== BRIEF ==
Set the data down again, exactly as it appears below.

Stored items:
↓
lemma row_projection:
  fixes r :: "real^'n" and P0 :: "real^'m^'n"
  assumes t: "t < 1" and r: "\<And>i. r $ i \<ge> 0" and P0: "nonneg_mat P0"
    and rows: "\<And>i. \<exists>j. P0 $ i $ j \<noteq> 0"
  defines "mu \<equiv> vpow (mpow P0 (1 / tstar t) *v ones) (tstar t)"
  defines "Ph \<equiv> diagm (vdiv r mu) ** P0"
  shows "nonneg_mat Ph" and "mpow Ph (1 / tstar t) *v ones = vpow r (1 / tstar t)"
    and "\<And>P. nonneg_mat P \<Longrightarrow> mpow P (1 / tstar t) *v ones = vpow r (1 / tstar t)
               \<Longrightarrow> Dt t Ph P0 \<le> Dt t P P0"
proof -
  define q where "q = 2 - t"
  have q: "q > 1" "1 / tstar t = q" "tstar t = 1 / q" "1 - t = q - 1"
    using t by (simp_all add: q_def tstar_def)
  have P0_nonneg: "P0 $ i $ j \<ge> 0" for i j
    using P0 by (simp add: nonneg_mat_def)
  have mu: "mu $ i = (\<Sum>j\<in>UNIV. P0 $ i $ j powr q) powr (1 / q)" for i
    by (simp add: mu_def vpow_def mpow_mult_ones_nth q)
  have mu_pos: "mu $ i > 0" for i
  proof -
    obtain j where "P0 $ i $ j \<noteq> 0" using rows by blast
    then have "(\<Sum>j\<in>UNIV. P0 $ i $ j powr q) > 0"
      using P0_nonneg by (intro sum_pos2[where i = j]) auto
    then show ?thesis by (simp add: mu)
  qed
  have Ph: "Ph $ i $ j = r $ i / mu $ i * P0 $ i $ j" for i j
    by (simp add: Ph_def diagm_mult_nth vdiv_def)
  show Ph_nonneg: "nonneg_mat Ph"
    unfolding nonneg_mat_def Ph using r mu_pos P0_nonneg by (simp add: less_imp_le)
  have Ph_rows: "(\<Sum>j\<in>UNIV. Ph $ i $ j powr q) = r $ i powr q" for i
    unfolding Ph using q r P0_nonneg mu mu_pos by (intro sum_scaled_powr) auto
  show "mpow Ph (1 / tstar t) *v ones = vpow r (1 / tstar t)"
    by (simp add: vec_eq_iff mpow_mult_ones_nth vpow_def q Ph_rows)
  fix P :: "real^'m^'n" assume P: "nonneg_mat P" "mpow P (1 / tstar t) *v ones = vpow r (1 / tstar t)"
  have P_rows: "(\<Sum>j\<in>UNIV. P $ i $ j powr q) = r $ i powr q" for i
    using P(2) by (simp add: vec_eq_iff mpow_mult_ones_nth vpow_def q)
  show "Dt t Ph P0 \<le> Dt t P P0"
  proof (rule Dt_le_Dt_if_row_sums_eq[OF t P(1) Ph_nonneg])
    show "(\<Sum>j\<in>UNIV. Ph $ i $ j powr (2 - t)) = (\<Sum>j\<in>UNIV. P $ i $ j powr (2 - t))" for i
      using Ph_rows P_rows by (simp add: q_def)
    have "(\<Sum>j\<in>UNIV. P $ i $ j * P0 $ i $ j powr (q - 1)) \<le> r $ i * mu $ i powr (q - 1)" for i
      unfolding mu using q r P P0_nonneg P_rows
      by (intro sum_mult_powr_le) (auto simp: nonneg_mat_def)
    also have "r $ i * mu $ i powr (q - 1) = (\<Sum>j\<in>UNIV. Ph $ i $ j * P0 $ i $ j powr (q - 1))" for i
      unfolding Ph using q r P0_nonneg mu mu_pos by (intro sum_scaled_mult_powr[symmetric]) auto
    finally show "(\<Sum>j\<in>UNIV. P $ i $ j * P0 $ i $ j powr (1 - t)) \<le> (\<Sum>j\<in>UNIV. Ph $ i $ j * P0 $ i $ j powr (1 - t))" for i
      unfolding q .
  qed
qed

lemma transpose_mpow: "transpose (mpow P a) = mpow (transpose P) a"
  by (simp add: vec_eq_iff transpose_def mpow_def)

lemma transpose_diagm: "transpose (diagm d) = diagm d"
  by (simp add: vec_eq_iff transpose_def diagm_def)

lemma nonneg_mat_transpose: "nonneg_mat (transpose P) = nonneg_mat P"
  by (auto simp: nonneg_mat_def transpose_def)

lemma Dt_transpose: "Dt t (transpose U) (transpose V) = Dt t U V"
  unfolding Dt_def transpose_def by (simp, rule sum.swap)

lemma column_projection:
  fixes c :: "real^'m" and P0 :: "real^'m^'n"
  assumes t: "t < 1" and c: "\<And>j. c $ j \<ge> 0" and P0: "nonneg_mat P0"
    and cols: "\<And>j. \<exists>i. P0 $ i $ j \<noteq> 0"
  defines "xi \<equiv> vpow (transpose (mpow P0 (1 / tstar t)) *v ones) (tstar t)"
  defines "Ph \<equiv> P0 ** diagm (vdiv c xi)"
  shows "nonneg_mat Ph" and "transpose (mpow Ph (1 / tstar t)) *v ones = vpow c (1 / tstar t)"
    and "\<And>P. nonneg_mat P \<Longrightarrow> transpose (mpow P (1 / tstar t)) *v ones = vpow c (1 / tstar t)
               \<Longrightarrow> Dt t Ph P0 \<le> Dt t P P0"
proof -
  have P0T: "nonneg_mat (transpose P0)" "\<And>j. \<exists>i. transpose P0 $ j $ i \<noteq> 0"
    using P0 cols by (simp_all only: nonneg_mat_transpose) (simp add: transpose_def)
  have Ph: "Ph = transpose (diagm (vdiv c xi) ** transpose P0)"
    by (simp add: Ph_def matrix_transpose_mul transpose_diagm)
  have xi: "xi = vpow (mpow (transpose P0) (1 / tstar t) *v ones) (tstar t)"
    by (simp add: xi_def transpose_mpow)
  note rows = row_projection[OF t c P0T, folded xi]
  show "nonneg_mat Ph"
    using rows(1) by (simp add: Ph nonneg_mat_transpose)
  show "transpose (mpow Ph (1 / tstar t)) *v ones = vpow c (1 / tstar t)"
    using rows(2) by (simp add: Ph transpose_mpow)
  fix P :: "real^'m^'n"
  assume "nonneg_mat P" "transpose (mpow P (1 / tstar t)) *v ones = vpow c (1 / tstar t)"
  then have "Dt t (transpose Ph) (transpose P0) \<le> Dt t (transpose P) (transpose P0)"
    unfolding Ph transpose_transpose by (intro rows(3)) (simp_all add: nonneg_mat_transpose transpose_mpow)
  then show "Dt t Ph P0 \<le> Dt t P P0"
    by (simp only: Dt_transpose)
qed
↑
== WRITTEN ANSWER ==
lemma row_projection:
  fixes r :: "real^'n" and P0 :: "real^'m^'n"
  assumes t: "t < 1" and r: "\<And>i. r $ i \<ge> 0" and P0: "nonneg_mat P0"
    and rows: "\<And>i. \<exists>j. P0 $ i $ j \<noteq> 0"
  defines "mu \<equiv> vpow (mpow P0 (1 / tstar t) *v ones) (tstar t)"
  defines "Ph \<equiv> diagm (vdiv r mu) ** P0"
  shows "nonneg_mat Ph" and "mpow Ph (1 / tstar t) *v ones = vpow r (1 / tstar t)"
    and "\<And>P. nonneg_mat P \<Longrightarrow> mpow P (1 / tstar t) *v ones = vpow r (1 / tstar t)
               \<Longrightarrow> Dt t Ph P0 \<le> Dt t P P0"
proof -
  define q where "q = 2 - t"
  have q: "q > 1" "1 / tstar t = q" "tstar t = 1 / q" "1 - t = q - 1"
    using t by (simp_all add: q_def tstar_def)
  have P0_nonneg: "P0 $ i $ j \<ge> 0" for i j
    using P0 by (simp add: nonneg_mat_def)
  have mu: "mu $ i = (\<Sum>j\<in>UNIV. P0 $ i $ j powr q) powr (1 / q)" for i
    by (simp add: mu_def vpow_def mpow_mult_ones_nth q)
  have mu_pos: "mu $ i > 0" for i
  proof -
    obtain j where "P0 $ i $ j \<noteq> 0" using rows by blast
    then have "(\<Sum>j\<in>UNIV. P0 $ i $ j powr q) > 0"
      using P0_nonneg by (intro sum_pos2[where i = j]) auto
    then show ?thesis by (simp add: mu)
  qed
  have Ph: "Ph $ i $ j = r $ i / mu $ i * P0 $ i $ j" for i j
    by (simp add: Ph_def diagm_mult_nth vdiv_def)
  show Ph_nonneg: "nonneg_mat Ph"
    unfolding nonneg_mat_def Ph using r mu_pos P0_nonneg by (simp add: less_imp_le)
  have Ph_rows: "(\<Sum>j\<in>UNIV. Ph $ i $ j powr q) = r $ i powr q" for i
    unfolding Ph using q r P0_nonneg mu mu_pos by (intro sum_scaled_powr) auto
  show "mpow Ph (1 / tstar t) *v ones = vpow r (1 / tstar t)"
    by (simp add: vec_eq_iff mpow_mult_ones_nth vpow_def q Ph_rows)
  fix P :: "real^'m^'n" assume P: "nonneg_mat P" "mpow P (1 / tstar t) *v ones = vpow r (1 / tstar t)"
  have P_rows: "(\<Sum>j\<in>UNIV. P $ i $ j powr q) = r $ i powr q" for i
    using P(2) by (simp add: vec_eq_iff mpow_mult_ones_nth vpow_def q)
  show "Dt t Ph P0 \<le> Dt t P P0"
  proof (rule Dt_le_Dt_if_row_sums_eq[OF t P(1) Ph_nonneg])
    show "(\<Sum>j\<in>UNIV. Ph $ i $ j powr (2 - t)) = (\<Sum>j\<in>UNIV. P $ i $ j powr (2 - t))" for i
      using Ph_rows P_rows by (simp add: q_def)
    have "(\<Sum>j\<in>UNIV. P $ i $ j * P0 $ i $ j powr (q - 1)) \<le> r $ i * mu $ i powr (q - 1)" for i
      unfolding mu using q r P P0_nonneg P_rows
      by (intro sum_mult_powr_le) (auto simp: nonneg_mat_def)
    also have "r $ i * mu $ i powr (q - 1) = (\<Sum>j\<in>UNIV. Ph $ i $ j * P0 $ i $ j powr (q - 1))" for i
      unfolding Ph using q r P0_nonneg mu mu_pos by (intro sum_scaled_mult_powr[symmetric]) auto
    finally show "(\<Sum>j\<in>UNIV. P $ i $ j * P0 $ i $ j powr (1 - t)) \<le> (\<Sum>j\<in>UNIV. Ph $ i $ j * P0 $ i $ j powr (1 - t))" for i
      unfolding q .
  qed
qed

lemma transpose_mpow: "transpose (mpow P a) = mpow (transpose P) a"
  by (simp add: vec_eq_iff transpose_def mpow_def)

lemma transpose_diagm: "transpose (diagm d) = diagm d"
  by (simp add: vec_eq_iff transpose_def diagm_def)

lemma nonneg_mat_transpose: "nonneg_mat (transpose P) = nonneg_mat P"
  by (auto simp: nonneg_mat_def transpose_def)

lemma Dt_transpose: "Dt t (transpose U) (transpose V) = Dt t U V"
  unfolding Dt_def transpose_def by (simp, rule sum.swap)

lemma column_projection:
  fixes c :: "real^'m" and P0 :: "real^'m^'n"
  assumes t: "t < 1" and c: "\<And>j. c $ j \<ge> 0" and P0: "nonneg_mat P0"
    and cols: "\<And>j. \<exists>i. P0 $ i $ j \<noteq> 0"
  defines "xi \<equiv> vpow (transpose (mpow P0 (1 / tstar t)) *v ones) (tstar t)"
  defines "Ph \<equiv> P0 ** diagm (vdiv c xi)"
  shows "nonneg_mat Ph" and "transpose (mpow Ph (1 / tstar t)) *v ones = vpow c (1 / tstar t)"
    and "\<And>P. nonneg_mat P \<Longrightarrow> transpose (mpow P (1 / tstar t)) *v ones = vpow c (1 / tstar t)
               \<Longrightarrow> Dt t Ph P0 \<le> Dt t P P0"
proof -
  have P0T: "nonneg_mat (transpose P0)" "\<And>j. \<exists>i. transpose P0 $ j $ i \<noteq> 0"
    using P0 cols by (simp_all only: nonneg_mat_transpose) (simp add: transpose_def)
  have Ph: "Ph = transpose (diagm (vdiv c xi) ** transpose P0)"
    by (simp add: Ph_def matrix_transpose_mul transpose_diagm)
  have xi: "xi = vpow (mpow (transpose P0) (1 / tstar t) *v ones) (tstar t)"
    by (simp add: xi_def transpose_mpow)
  note rows = row_projection[OF t c P0T, folded xi]
  show "nonneg_mat Ph"
    using rows(1) by (simp add: Ph nonneg_mat_transpose)
  show "transpose (mpow Ph (1 / tstar t)) *v ones = vpow c (1 / tstar t)"
    using rows(2) by (simp add: Ph transpose_mpow)
  fix P :: "real^'m^'n"
  assume "nonneg_mat P" "transpose (mpow P (1 / tstar t)) *v ones = vpow c (1 / tstar t)"
  then have "Dt t (transpose Ph) (transpose P0) \<le> Dt t (transpose P) (transpose P0)"
    unfolding Ph transpose_transpose by (intro rows(3)) (simp_all add: nonneg_mat_transpose transpose_mpow)
  then show "Dt t Ph P0 \<le> Dt t P P0"
    by (simp only: Dt_transpose)
qed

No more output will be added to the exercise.